▶ [Task statement] For the entries below, count the lines containing "bool" and give only that number.

▶ [Source data]
---

(* Let $d$ and $n\le d$ be positive integers and let $\mathcal{H}=\{H_1,\ldots,H_k\}$ be a collection of subsets of $[d]=\{1,\ldots,d\}$ such that the intersection of any three of them is empty. Then the following collection $\mathcal{C}$ of subsets of $[d]$ is the set of circuits of a matroid on $[d]$: (1) every $(n-1)$-element subset of $[d]$ contained in $H_i\cap H_j$ for some two distinct members $H_i,H_j$ of $\mathcal{H}$ ("Type 1"); (2) every $n$-element subset of some $H_i\in\mathcal{H}$ that does not contain a subset of Type 1 ("Type 2"); (3) every $(n+1)$-element subset of $[d]$ that contains no subset of Type 1 or of Type 2 ("Type 3"). *)

theory Defs
  imports Main
begin

definition matroid_circuits :: "'a set \<Rightarrow> 'a set set \<Rightarrow> bool" where
  "matroid_circuits E \<C> \<longleftrightarrow>
     (\<forall>C\<in>\<C>. C \<subseteq> E) \<and>
     {} \<notin> \<C> \<and>
     (\<forall>C1\<in>\<C>. \<forall>C2\<in>\<C>. C1 \<subseteq> C2 \<longrightarrow> C1 = C2) \<and>
     (\<forall>C1\<in>\<C>. \<forall>C2\<in>\<C>. \<forall>e. C1 \<noteq> C2 \<and> e \<in> C1 \<inter> C2 \<longrightarrow>
        (\<exists>C3\<in>\<C>. C3 \<subseteq> (C1 \<union> C2) - {e}))"

definition type1 :: "nat \<Rightarrow> nat \<Rightarrow> nat set set \<Rightarrow> nat set set" where
  "type1 d n \<H> = {S. S \<subseteq> {1..d} \<and> card S = n - 1 \<and>
      (\<exists>Hi\<in>\<H>. \<exists>Hj\<in>\<H>. Hi \<noteq> Hj \<and> S \<subseteq> Hi \<inter> Hj)}"

definition type2 :: "nat \<Rightarrow> nat \<Rightarrow> nat set set \<Rightarrow> nat set set" where
  "type2 d n \<H> = {S. S \<subseteq> {1..d} \<and> card S = n \<and> (\<exists>H\<in>\<H>. S \<subseteq> H) \<and>
      \<not> (\<exists>T\<in>type1 d n \<H>. T \<subseteq> S)}"

definition type3 :: "nat \<Rightarrow> nat \<Rightarrow> nat set set \<Rightarrow> nat set set" where
  "type3 d n \<H> = {S. S \<subseteq> {1..d} \<and> card S = n + 1 \<and>
      \<not> (\<exists>T\<in>type1 d n \<H> \<union> type2 d n \<H>. T \<subseteq> S)}"

end

theory Submission
  imports Defs
begin

(* Candidate circuits have n - 1, n or n + 1 elements, and the "contains no smaller
   circuit" clauses separating the types make them pairwise incomparable.
   For elimination let U = (C1 \<union> C2) - {e}. If U has at least n + 1 elements it
   contains a circuit by counting alone. Otherwise C1 and C2 are proper subsets of a
   set of at most n + 1 elements, so both have type 1 or 2 and lie in members of \<H>.
   Since e lies in both and no point lies in three members, C1 \<union> C2 lies in a single
   member (in a single pairwise intersection if both have type 1), where U is large
   enough to contain a circuit. Two type-2 circuits in different members cannot occur:
   their intersection would have n - 1 elements, i.e. be a type-1 set inside a type-2
   circuit. *)

abbreviation circuit_family :: "nat \<Rightarrow> nat \<Rightarrow> nat set set \<Rightarrow> nat set set" where
  "circuit_family d n \<H> \<equiv> type1 d n \<H> \<union> type2 d n \<H> \<union> type3 d n \<H>"

definition triple_free :: "'a set set \<Rightarrow> bool" where
  "triple_free \<H> \<longleftrightarrow>
     (\<forall>A\<in>\<H>. \<forall>B\<in>\<H>. \<forall>C\<in>\<H>. A \<noteq> B \<and> A \<noteq> C \<and> B \<noteq> C \<longrightarrow> A \<inter> B \<inter> C = {})"

lemma triple_free_common_point:
  assumes "triple_free \<H>" "A \<in> \<H>" "B \<in> \<H>" "C \<in> \<H>" "A \<noteq> B" "e \<in> A \<inter> B \<inter> C"
  shows "C = A \<or> C = B"
  using assms unfolding triple_free_def by blast

lemma pair_intersection_union_subset_member:
  assumes "triple_free \<H>" "Hi \<in> \<H>" "Hj \<in> \<H>" "Hi \<noteq> Hj" "H \<in> \<H>"
    and "X \<subseteq> Hi \<inter> Hj" "Y \<subseteq> H" "e \<in> X \<inter> Y"
  shows "X \<union> Y \<subseteq> H"
  using triple_free_common_point[OF assms(1-3,5,4), of e] assms(6-8) by blast

lemma pair_intersections_sharing_point_coincide:
  assumes "triple_free \<H>" "Hi \<in> \<H>" "Hj \<in> \<H>" "Hi \<noteq> Hj" "Hk \<in> \<H>" "Hl \<in> \<H>" "Hk \<noteq> Hl"
    and "e \<in> Hi \<inter> Hj \<inter> Hk \<inter> Hl"
  shows "Hk \<inter> Hl = Hi \<inter> Hj"
  using triple_free_common_point[OF assms(1-3,5,4), of e] triple_free_common_point[OF assms(1-3,6,4), of e]
    assms(7,8) by blast

lemma circuit_family_subset_ground: "C \<in> circuit_family d n \<H> \<Longrightarrow> C \<subseteq> {1..d}"
  unfolding type1_def type2_def type3_def by auto

lemma circuit_family_finite: "C \<in> circuit_family d n \<H> \<Longrightarrow> finite C"
  by (rule finite_subset[OF circuit_family_subset_ground]) simp_all

lemma circuit_family_card_ge: "C \<in> circuit_family d n \<H> \<Longrightarrow> n - 1 \<le> card C"
  unfolding type1_def type2_def type3_def by auto

lemma empty_not_in_circuit_family:
  assumes "1 \<le> n" "2 \<le> n \<or> (\<forall>A\<in>\<H>. \<forall>B\<in>\<H>. A = B)"
  shows "{} \<notin> circuit_family d n \<H>"
  using assms unfolding type1_def type2_def type3_def by auto

lemma large_set_contains_circuit:
  assumes "X \<subseteq> {1..d}" "n + 1 \<le> card X"
  shows "\<exists>C\<in>circuit_family d n \<H>. C \<subseteq> X"
proof -
  obtain Y where Y: "Y \<subseteq> X" "card Y = n + 1"
    using obtain_subset_with_card_n[OF assms(2)] by metis
  show ?thesis
  proof (cases "\<exists>T\<in>type1 d n \<H> \<union> type2 d n \<H>. T \<subseteq> Y")
    case False
    then have "Y \<in> type3 d n \<H>" using Y assms(1) unfolding type3_def by blast
    then show ?thesis using Y by blast
  qed (use Y in blast)
qed

lemma large_subset_of_member_contains_circuit:
  assumes "X \<subseteq> {1..d}" "X \<subseteq> H" "H \<in> \<H>" "n \<le> card X"
  shows "\<exists>C\<in>circuit_family d n \<H>. C \<subseteq> X"
proof -
  obtain Y where Y: "Y \<subseteq> X" "card Y = n"
    using obtain_subset_with_card_n[OF assms(4)] by metis
  show ?thesis
  proof (cases "\<exists>T\<in>type1 d n \<H>. T \<subseteq> Y")
    case False
    then have "Y \<in> type2 d n \<H>" using Y assms(1-3) unfolding type2_def by blast
    then show ?thesis using Y by blast
  qed (use Y in blast)
qed

lemma large_subset_of_pair_intersection_contains_circuit:
  assumes "X \<subseteq> {1..d}" "X \<subseteq> Hi \<inter> Hj" "Hi \<in> \<H>" "Hj \<in> \<H>" "Hi \<noteq> Hj" "n - 1 \<le> card X"
  shows "\<exists>C\<in>circuit_family d n \<H>. C \<subseteq> X"
proof -
  obtain Y where Y: "Y \<subseteq> X" "card Y = n - 1"
    using obtain_subset_with_card_n[OF assms(6)] by metis
  then have "Y \<in> type1 d n \<H>" using assms(1-5) unfolding type1_def by blast
  then show ?thesis using Y by blast
qed

lemma circuit_family_card_le_of_subset:
  assumes C1: "C1 \<in> circuit_family d n \<H>" and C2: "C2 \<in> circuit_family d n \<H>"
    and "C1 \<subseteq> C2"
  shows "card C2 \<le> card C1"
  using C2
proof (elim UnE)
  assume "C2 \<in> type1 d n \<H>"
  then show ?thesis using circuit_family_card_ge[OF C1] unfolding type1_def by simp
next
  assume C2': "C2 \<in> type2 d n \<H>"
  then have "C1 \<notin> type1 d n \<H>" using \<open>C1 \<subseteq> C2\<close> unfolding type2_def by blast
  then show ?thesis using C1 C2' unfolding type2_def type3_def by auto
next
  assume C2': "C2 \<in> type3 d n \<H>"
  then have "C1 \<in> type3 d n \<H>" using C1 \<open>C1 \<subseteq> C2\<close> unfolding type3_def by blast
  then show ?thesis using C2' unfolding type3_def by simp
qed

lemma circuit_family_antichain:
  assumes "C1 \<in> circuit_family d n \<H>" "C2 \<in> circuit_family d n \<H>" "C1 \<subseteq> C2"
  shows "C1 = C2"
  using card_subset_eq[OF circuit_family_finite[OF assms(2)] assms(3)]
    circuit_family_card_le_of_subset[OF assms] card_mono[OF circuit_family_finite[OF assms(2)] assms(3)]
  by simp

lemma card_Un_ge_of_type2_in_distinct_members:
  assumes "C1 \<in> type2 d n \<H>" "C2 \<in> type2 d n \<H>"
    and "C1 \<subseteq> Ha" "C2 \<subseteq> Hb" "Ha \<in> \<H>" "Hb \<in> \<H>" "Ha \<noteq> Hb"
  shows "n + 2 \<le> card (C1 \<union> C2)"
proof (rule ccontr)
  assume small: "\<not> n + 2 \<le> card (C1 \<union> C2)"
  have fin: "finite C1" "finite C2"
    using circuit_family_finite[OF UnI1, OF UnI2] assms(1,2) by blast+
  have card: "card C1 = n" "card C2 = n" using assms(1,2) unfolding type2_def by auto
  have "card (C1 \<union> C2) + card (C1 \<inter> C2) = card C1 + card C2"
    using card_Un_Int[OF fin] by simp
  then have "n - 1 \<le> card (C1 \<inter> C2)" using small card by linarith
  then obtain Y where Y: "Y \<subseteq> C1 \<inter> C2" "card Y = n - 1"
    using obtain_subset_with_card_n by metis
  have "C1 \<subseteq> {1..d}" using assms(1) unfolding type2_def by blast
  then have "Y \<subseteq> {1..d}" "Y \<subseteq> Ha \<inter> Hb" using Y(1) assms(3,4) by blast+
  then have "Y \<in> type1 d n \<H>" using Y(2) assms(5-7) unfolding type1_def by blast
  then show False using Y assms(1) unfolding type2_def by blast
qed

lemma type2_small_union_in_member:
  assumes "triple_free \<H>"
    and C: "C \<in> type2 d n \<H>" "C \<subseteq> H" "H \<in> \<H>"
    and C': "C' \<in> type1 d n \<H> \<union> type2 d n \<H>"
    and "e \<in> C \<inter> C'" "card (C \<union> C') \<le> n + 1"
  shows "C \<union> C' \<subseteq> H"
  using C'
proof (elim UnE)
  assume "C' \<in> type1 d n \<H>"
  then obtain Hi Hj where ij: "Hi \<in> \<H>" "Hj \<in> \<H>" "Hi \<noteq> Hj" "C' \<subseteq> Hi \<inter> Hj"
    unfolding type1_def by blast
  have "C' \<union> C \<subseteq> H"
    using pair_intersection_union_subset_member[OF assms(1) ij(1-3) C(3) ij(4) C(2)]
      \<open>e \<in> C \<inter> C'\<close> by blast
  then show ?thesis by blast
next
  assume C'2: "C' \<in> type2 d n \<H>"
  then obtain H' where H': "H' \<in> \<H>" "C' \<subseteq> H'" unfolding type2_def by blast
  have "H' = H"
  proof (rule ccontr)
    assume "H' \<noteq> H"
    then have "n + 2 \<le> card (C \<union> C')"
      using card_Un_ge_of_type2_in_distinct_members[OF C(1) C'2 C(2) H'(2) C(3) H'(1)]
      by simp
    then show False using \<open>card (C \<union> C') \<le> n + 1\<close> by linarith
  qed
  then show ?thesis using C(2) H'(2) by blast
qed

lemma circuit_family_elimination:
  assumes "triple_free \<H>"
    and C1: "C1 \<in> circuit_family d n \<H>" and C2: "C2 \<in> circuit_family d n \<H>"
    and "C1 \<noteq> C2" "e \<in> C1 \<inter> C2"
  shows "\<exists>C3\<in>circuit_family d n \<H>. C3 \<subseteq> (C1 \<union> C2) - {e}"
proof -
  define U where "U = (C1 \<union> C2) - {e}"
  have fin: "finite (C1 \<union> C2)" using circuit_family_finite[OF C1] circuit_family_finite[OF C2] by simp
  have U_ground: "U \<subseteq> {1..d}"
    using circuit_family_subset_ground[OF C1] circuit_family_subset_ground[OF C2] unfolding U_def by blast
  have "C1 \<subset> C1 \<union> C2" "C2 \<subset> C1 \<union> C2"
    using circuit_family_antichain[OF C1 C2] circuit_family_antichain[OF C2 C1] \<open>C1 \<noteq> C2\<close> by blast+
  then have proper: "card C1 < card (C1 \<union> C2)" "card C2 < card (C1 \<union> C2)"
    using psubset_card_mono[OF fin] by blast+
  moreover have card_U: "card U = card (C1 \<union> C2) - 1"
    using \<open>e \<in> C1 \<inter> C2\<close> fin unfolding U_def by (simp add: card_Diff_singleton)
  ultimately have U_large: "card C1 \<le> card U" "card C2 \<le> card U" by linarith+
  have "\<exists>C3\<in>circuit_family d n \<H>. C3 \<subseteq> U"
  proof (cases "n + 1 \<le> card U")
    case True
    then show ?thesis using large_set_contains_circuit[OF U_ground] by blast
  next
    case False
    then have small: "card (C1 \<union> C2) \<le> n + 1" using card_U by linarith
    have not_type3: "C1 \<notin> type3 d n \<H>" "C2 \<notin> type3 d n \<H>"
      using small proper unfolding type3_def by auto
    show ?thesis
    proof (cases "C1 \<in> type1 d n \<H> \<and> C2 \<in> type1 d n \<H>")
      case True
      then obtain Hi Hj Hk Hl where ij: "Hi \<in> \<H>" "Hj \<in> \<H>" "Hi \<noteq> Hj" "C1 \<subseteq> Hi \<inter> Hj"
        and kl: "Hk \<in> \<H>" "Hl \<in> \<H>" "Hk \<noteq> Hl" "C2 \<subseteq> Hk \<inter> Hl"
        unfolding type1_def by blast
      have "Hk \<inter> Hl = Hi \<inter> Hj"
        using pair_intersections_sharing_point_coincide[OF \<open>triple_free \<H>\<close> ij(1-3) kl(1-3), of e]
          ij(4) kl(4) \<open>e \<in> C1 \<inter> C2\<close> by blast
      then have "U \<subseteq> Hi \<inter> Hj" using ij(4) kl(4) unfolding U_def by blast
      moreover have "n - 1 \<le> card U" using U_large True unfolding type1_def by simp
      ultimately show ?thesis
        using large_subset_of_pair_intersection_contains_circuit[OF U_ground _ ij(1-3)] by blast
    next
      case False
      then obtain C C' where "C \<in> {C1, C2}" and CC': "C \<union> C' = C1 \<union> C2"
        and small_CC': "e \<in> C \<inter> C'" "C \<in> type2 d n \<H>" "C' \<in> type1 d n \<H> \<union> type2 d n \<H>"
        using C1 C2 not_type3 \<open>e \<in> C1 \<inter> C2\<close> by blast
      obtain H where H: "C \<subseteq> H" "H \<in> \<H>"
        using \<open>C \<in> type2 d n \<H>\<close> unfolding type2_def by blast
      have "C \<union> C' \<subseteq> H"
        using type2_small_union_in_member[OF assms(1) small_CC'(2) H small_CC'(3,1)] small CC' by simp
      then have "U \<subseteq> H" using CC' unfolding U_def by blast
      moreover have "n \<le> card U"
        using \<open>C \<in> {C1, C2}\<close> \<open>C \<in> type2 d n \<H>\<close> U_large
        unfolding type2_def by auto
      ultimately show ?thesis
        using large_subset_of_member_contains_circuit[OF U_ground _ \<open>H \<in> \<H>\<close>] by blast
    qed
  qed
  then show ?thesis unfolding U_def .
qed

theorem theorem3p1:
  fixes d n :: nat and \<H> :: "nat set set"
  assumes "1 \<le> n" and "n \<le> d"
    and "finite \<H>" and "\<forall>H\<in>\<H>. H \<subseteq> {1..d}"
    and "\<forall>A\<in>\<H>. \<forall>B\<in>\<H>. \<forall>C\<in>\<H>. A \<noteq> B \<and> A \<noteq> C \<and> B \<noteq> C \<longrightarrow> A \<inter> B \<inter> C = {}"
    and "2 \<le> n \<or> (\<forall>A\<in>\<H>. \<forall>B\<in>\<H>. A = B)"
  shows "matroid_circuits {1..d} (type1 d n \<H> \<union> type2 d n \<H> \<union> type3 d n \<H>)"
proof -
  have "triple_free \<H>" using assms(5) unfolding triple_free_def .
  show ?thesis
    unfolding matroid_circuits_def
  proof (intro conjI ballI allI impI)
    fix C assume "C \<in> circuit_family d n \<H>"
    then show "C \<subseteq> {1..d}" by (rule circuit_family_subset_ground)
  next
    show "{} \<notin> circuit_family d n \<H>"
      using empty_not_in_circuit_family[OF assms(1,6)] .
  next
    fix C1 C2 assume "C1 \<in> circuit_family d n \<H>" "C2 \<in> circuit_family d n \<H>" "C1 \<subseteq> C2"
    then show "C1 = C2" by (rule circuit_family_antichain)
  next
    fix C1 C2 e
    assume "C1 \<in> circuit_family d n \<H>" "C2 \<in> circuit_family d n \<H>"
      and "C1 \<noteq> C2 \<and> e \<in> C1 \<inter> C2"
    then show "\<exists>C3\<in>circuit_family d n \<H>. C3 \<subseteq> C1 \<union> C2 - {e}"
      by (elim conjE) (rule circuit_family_elimination[OF \<open>triple_free \<H>\<close>])
  qed
qed

end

---

▶ [Solved problem] 2